Fear based out the feeling, and reality of disconnect with neighbor, family or community.
Jesus’ time with his disciples was almost over, and he prayed for them. Jesus’ prayer is very human. He sounds like a parent praying so that their child will always know they are loved and never alone.
According to Jesus’ petition we are not separate from one another, we are One, just as Jesus and God the Father are One.
Through the Death and Resurrection of Christ our sins were forgiven and our relationship with God was fully restored, we were made One again. The word, “Atonement” can be broken down to At-One-Ment.

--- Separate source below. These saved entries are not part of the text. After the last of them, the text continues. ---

(* Suppose $n\ge3$. For $i\ne j$ define $a_i=\frac{(n-1)(1-\omega_i)\eta}{n}$, $a_{ij}=a_i+a_j$, $$h_{ij}=\begin{cases}\frac{(n-1)\eta}{n}\big[(1-\omega_i)^2+\frac{\omega_i(\omega_j-\omega_i)}{n}\big] & \text{if } r_i<a_i,\\ (1-\omega_i)\eta\big[\frac{1-\omega_i}{n}+\frac{n-2}{n-1}\big]+\frac{\omega_i(n-1)(\omega_j-\omega_i)\eta}{n^2} & \text{if } r_i\in[a_i,a_{ij}),\\ \frac{(n-1)\eta}{n}\big[1-\omega_i+\frac{\omega_j-\omega_i}{n}\big] & \text{if } r_i\ge a_{ij},\end{cases}$$ and $c_{ij}=\min\big\{h_{ij}+h_{ji},\ 1-(a_i-h_{ij})I_{\{a_i>h_{ij}\}}-(a_j-h_{ji})I_{\{a_j>h_{ji}\}}\big\}$ ($I$ the indicator function). For any constant $\varepsilon>0$ let $c_\varepsilon=\max_{i\ne j}c_{ij}-\varepsilon$. Then the set $E_{c_\varepsilon}=\{(x_1,\dots,x_n)\in[0,1]^n:\max_{i,j}|x_i-x_j|\ge c_\varepsilon\}$ is finite-time robustly reachable from $[0,1]^n$ under control protocol (C6).
   Context: $\mathcal V=\{1,\dots,n\}$, confidence thresholds $r_i\in(0,1]$, belief factors $\omega_i\in(0,1)$, $\eta>0$. States $x(t)\in[0,1]^n$. Neighbor set $\mathcal N_i(t)=\{j:|x_j(t)-x_i(t)|\le r_i\}$ (contains $i$), $\Pi_{[0,1]}(y)=\min\{1,\max\{0,y\}\}$, $x_{\rm ave}(t)=\frac1n\sum_ix_i(t)$. Control protocol (C6): $x_i(t+1)=\Pi_{[0,1]}\big(\omega_ix_{\rm ave}(t)+\frac{1-\omega_i}{|\mathcal N_i(t)|}[x_i(t)+\sum_{j\in\mathcal N_i(t)\setminus\{i\}}(x_j(t)+u_{ji}(t)+b_{ji}(t))]\big)$, where for $j\in\mathcal N_i(t)\setminus\{i\}$: $\delta_i(t)\in(0,\eta)$ is a chosen parameter, $u_{ji}(t)\in[-\eta+\delta_i(t),\eta-\delta_i(t)]$ a chosen control input, $b_{ji}(t)\in[-\delta_i(t),\delta_i(t)]$ an arbitrary uncertainty; the choices may depend on $x(0),\dots,x(t)$. A set $S\subseteq[0,1]^n$ is finite-time robustly reachable from $[0,1]^n$ under the protocol if there exist constants $T>0$ and $\varepsilon'\in(0,\eta)$ such that for every $x(0)\in[0,1]^n$, either $x(0)\in S$, or one can choose $\delta_i(t)\in[\varepsilon',\eta)$ and $u_{ji}(t)\in[-\eta+\delta_i(t),\eta-\delta_i(t)]$ ($0\le t<T$, $i\in\mathcal V$, $j\in\mathcal N_i(t)\setminus\{i\}$) guaranteeing that for arbitrary $b_{ji}(t)\in[-\delta_i(t),\delta_i(t)]$ there is $t\in[1,T]$ with $x(t)\in S$. *)

theory Defs
  imports Complex_Main
begin

(* Agents are indexed by 0..<n (the paper uses 1..n).  A state is a function
   nat => real; only the coordinates i < n are meaningful. *)

definition in_cube :: "nat \<Rightarrow> (nat \<Rightarrow> real) \<Rightarrow> bool" where
  "in_cube n x \<longleftrightarrow> (\<forall>i<n. 0 \<le> x i \<and> x i \<le> 1)"

definition nbr :: "nat \<Rightarrow> (nat \<Rightarrow> real) \<Rightarrow> (nat \<Rightarrow> real) \<Rightarrow> nat \<Rightarrow> nat set" where
  "nbr n r x i = {j. j < n \<and> \<bar>x j - x i\<bar> \<le> r i}"

definition proj01 :: "real \<Rightarrow> real" where
  "proj01 y = min 1 (max 0 y)"

definition xave :: "nat \<Rightarrow> (nat \<Rightarrow> real) \<Rightarrow> real" where
  "xave n x = (\<Sum>j<n. x j) / real n"

text \<open>One step of protocol (C6); u j i and b j i are the control input and the
  uncertainty on the edge from j to i.\<close>
definition step :: "nat \<Rightarrow> (nat \<Rightarrow> real) \<Rightarrow> (nat \<Rightarrow> real) \<Rightarrow> (nat \<Rightarrow> real)
    \<Rightarrow> (nat \<Rightarrow> nat \<Rightarrow> real) \<Rightarrow> (nat \<Rightarrow> nat \<Rightarrow> real) \<Rightarrow> nat \<Rightarrow> real" where
  "step n r \<omega> x u b i = proj01 (\<omega> i * xave n x
      + (1 - \<omega> i) / real (card (nbr n r x i))
        * (x i + (\<Sum>j \<in> nbr n r x i - {i}. x j + u j i + b j i)))"

fun hist :: "nat \<Rightarrow> (nat \<Rightarrow> real) \<Rightarrow> (nat \<Rightarrow> real)
    \<Rightarrow> ((nat \<Rightarrow> real) list \<Rightarrow> nat \<Rightarrow> nat \<Rightarrow> real)
    \<Rightarrow> ((nat \<Rightarrow> real) list \<Rightarrow> nat \<Rightarrow> nat \<Rightarrow> real)
    \<Rightarrow> (nat \<Rightarrow> real) \<Rightarrow> nat \<Rightarrow> (nat \<Rightarrow> real) list" where
  "hist n r \<omega> uS bS x0 0 = [x0]"
| "hist n r \<omega> uS bS x0 (Suc t) =
     (let H = hist n r \<omega> uS bS x0 t in H @ [step n r \<omega> (last H) (uS H) (bS H)])"

text \<open>The controller
  chooses delta_i(t) and u_ji(t) as functions of the history x(0),...,x(t);
  the uncertainty b_ji(t) is arbitrary (modelled as an arbitrary function of the
  history, which covers all possible uncertainty sequences since the controller
  is deterministic).\<close>
definition ft_robust_reachable ::
  "nat \<Rightarrow> (nat \<Rightarrow> real) \<Rightarrow> (nat \<Rightarrow> real) \<Rightarrow> real \<Rightarrow> (nat \<Rightarrow> real) set \<Rightarrow> bool" where
  "ft_robust_reachable n r \<omega> \<eta> S \<longleftrightarrow>
    (\<exists>T::nat. T > 0 \<and> (\<exists>\<epsilon>'::real. 0 < \<epsilon>' \<and> \<epsilon>' < \<eta> \<and>
      (\<forall>x0. in_cube n x0 \<longrightarrow> x0 \<in> S \<or>
        (\<exists>(\<delta>S :: (nat \<Rightarrow> real) list \<Rightarrow> nat \<Rightarrow> real)
            (uS :: (nat \<Rightarrow> real) list \<Rightarrow> nat \<Rightarrow> nat \<Rightarrow> real).
           (\<forall>H i. i < n \<longrightarrow> \<epsilon>' \<le> \<delta>S H i \<and> \<delta>S H i < \<eta>) \<and>
           (\<forall>H i j. i < n \<longrightarrow> j < n \<longrightarrow>
               - \<eta> + \<delta>S H i \<le> uS H j i \<and> uS H j i \<le> \<eta> - \<delta>S H i) \<and>
           (\<forall>bS :: (nat \<Rightarrow> real) list \<Rightarrow> nat \<Rightarrow> nat \<Rightarrow> real.
              (\<forall>H i j. i < n \<longrightarrow> j < n \<longrightarrow>
                 - \<delta>S H i \<le> bS H j i \<and> bS H j i \<le> \<delta>S H i) \<longrightarrow>
              (\<exists>t. 1 \<le> t \<and> t \<le> T \<and> last (hist n r \<omega> uS bS x0 t) \<in> S))))))"

definition a_coef :: "nat \<Rightarrow> (nat \<Rightarrow> real) \<Rightarrow> real \<Rightarrow> nat \<Rightarrow> real" where
  "a_coef n \<omega> \<eta> i = (real n - 1) * (1 - \<omega> i) * \<eta> / real n"

definition h_coef :: "nat \<Rightarrow> (nat \<Rightarrow> real) \<Rightarrow> (nat \<Rightarrow> real) \<Rightarrow> real \<Rightarrow> nat \<Rightarrow> nat \<Rightarrow> real" where
  "h_coef n r \<omega> \<eta> i j =
    (if r i < a_coef n \<omega> \<eta> i then
       (real n - 1) * \<eta> / real n * ((1 - \<omega> i)^2 + \<omega> i * (\<omega> j - \<omega> i) / real n)
     else if r i < a_coef n \<omega> \<eta> i + a_coef n \<omega> \<eta> j then
       (1 - \<omega> i) * \<eta> * ((1 - \<omega> i) / real n + (real n - 2) / (real n - 1))
         + \<omega> i * (real n - 1) * (\<omega> j - \<omega> i) * \<eta> / (real n)^2
     else
       (real n - 1) * \<eta> / real n * (1 - \<omega> i + (\<omega> j - \<omega> i) / real n))"

definition c_coef :: "nat \<Rightarrow> (nat \<Rightarrow> real) \<Rightarrow> (nat \<Rightarrow> real) \<Rightarrow> real \<Rightarrow> nat \<Rightarrow> nat \<Rightarrow> real" where
  "c_coef n r \<omega> \<eta> i j =
    min (h_coef n r \<omega> \<eta> i j + h_coef n r \<omega> \<eta> j i)
        (1 - (a_coef n \<omega> \<eta> i - h_coef n r \<omega> \<eta> i j)
               * (if a_coef n \<omega> \<eta> i > h_coef n r \<omega> \<eta> i j then 1 else 0)
           - (a_coef n \<omega> \<eta> j - h_coef n r \<omega> \<eta> j i)
               * (if a_coef n \<omega> \<eta> j > h_coef n r \<omega> \<eta> j i then 1 else 0))"

definition c_eps :: "nat \<Rightarrow> (nat \<Rightarrow> real) \<Rightarrow> (nat \<Rightarrow> real) \<Rightarrow> real \<Rightarrow> real \<Rightarrow> real" where
  "c_eps n r \<omega> \<eta> \<epsilon> = Max {c_coef n r \<omega> \<eta> i j | i j. i < n \<and> j < n \<and> i \<noteq> j} - \<epsilon>"

definition E_set :: "nat \<Rightarrow> real \<Rightarrow> (nat \<Rightarrow> real) set" where
  "E_set n c = {x. in_cube n x \<and> Max {\<bar>x i - x j\<bar> | i j. i < n \<and> j < n} \<ge> c}"

end

theory Submission
  imports Defs
begin

text \<open>
  The control works in three phases. With zero input each agent moves to a convex combination
  of the global mean (weight at least \<open>min \<omega>\<^sub>i\<close>) and a local mean, so the diameter of the
  configuration contracts geometrically up to the noise; after \<open>K\<close> steps every agent sees all the
  others. In this complete neighbour graph the common input \<open>d \<eta> / a\<^sub>k\<close> into agent \<open>k\<close> moves every
  agent to the mean plus \<open>d\<close>, which steers the consensus to a target point \<open>z\<close> in \<open>N\<close> further steps.
  Finally agent \<open>I\<close> receives the input \<open>\<theta> \<eta>\<close> and agent \<open>J\<close> the input \<open>-\<theta> \<eta>\<close>: after one step they
  sit at \<open>z + \<theta> a\<^sub>I\<close> and \<open>z - \<theta> a\<^sub>J\<close>, after a second step, whose neighbour sets are the three
  cases in the definition of \<open>h\<^sub>i\<^sub>j\<close>, at \<open>z + \<theta> h\<^sub>I\<^sub>J\<close> and \<open>z - \<theta> h\<^sub>J\<^sub>I\<close>. For a suitable \<open>z\<close> one of the
  two gaps, after projection onto \<open>[0,1]\<close>, exceeds \<open>c\<^sub>I\<^sub>J\<close> up to an error that vanishes as
  \<open>\<theta> \<rightarrow> 1\<close> and as the noise bound \<open>\<delta> \<rightarrow> 0\<close>; a pair \<open>I, J\<close> maximising \<open>c\<^sub>I\<^sub>J\<close> then reaches \<open>E\<^sub>c\<^sub>\<epsilon>\<close>.
\<close>

lemma abs_proj01_diff_le: "\<bar>proj01 a - proj01 b\<bar> \<le> \<bar>a - b\<bar>"
  unfolding proj01_def by (auto simp: min_def max_def)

This is the result of Jesus’ faithfulness to go to the cross.
Our world seems to be tearing itself to pieces when in reality, we are all ONE with God and each other. We put labels on people that seem to justify actions of violence, or values based on apathy. When the reality is that we are One.
The responsibility of the church, as the Body of Christ, as being the Proclaimer of Truth and God’s Justice and Mercy has never been more important than today.
People feel very afraid because of the words and actions of a few, but the reality of the Gospel is that, we do not belong to darkness, violence and hate, we belong to God, and God is faithful and just. Jesus continues to pray for us so that we know that we do not belong to darkness, but we belong to Christ, and Christ is here, right now, with us, surrounding us with hope, mercy and joy. And it is time for us, as a church, as the Body of Christ to boldly proclaim and live out this message of One-ness, mercy, humility, forgiveness and therefore, salvation.
We do not belong to fear, we belong to Christ. Amen.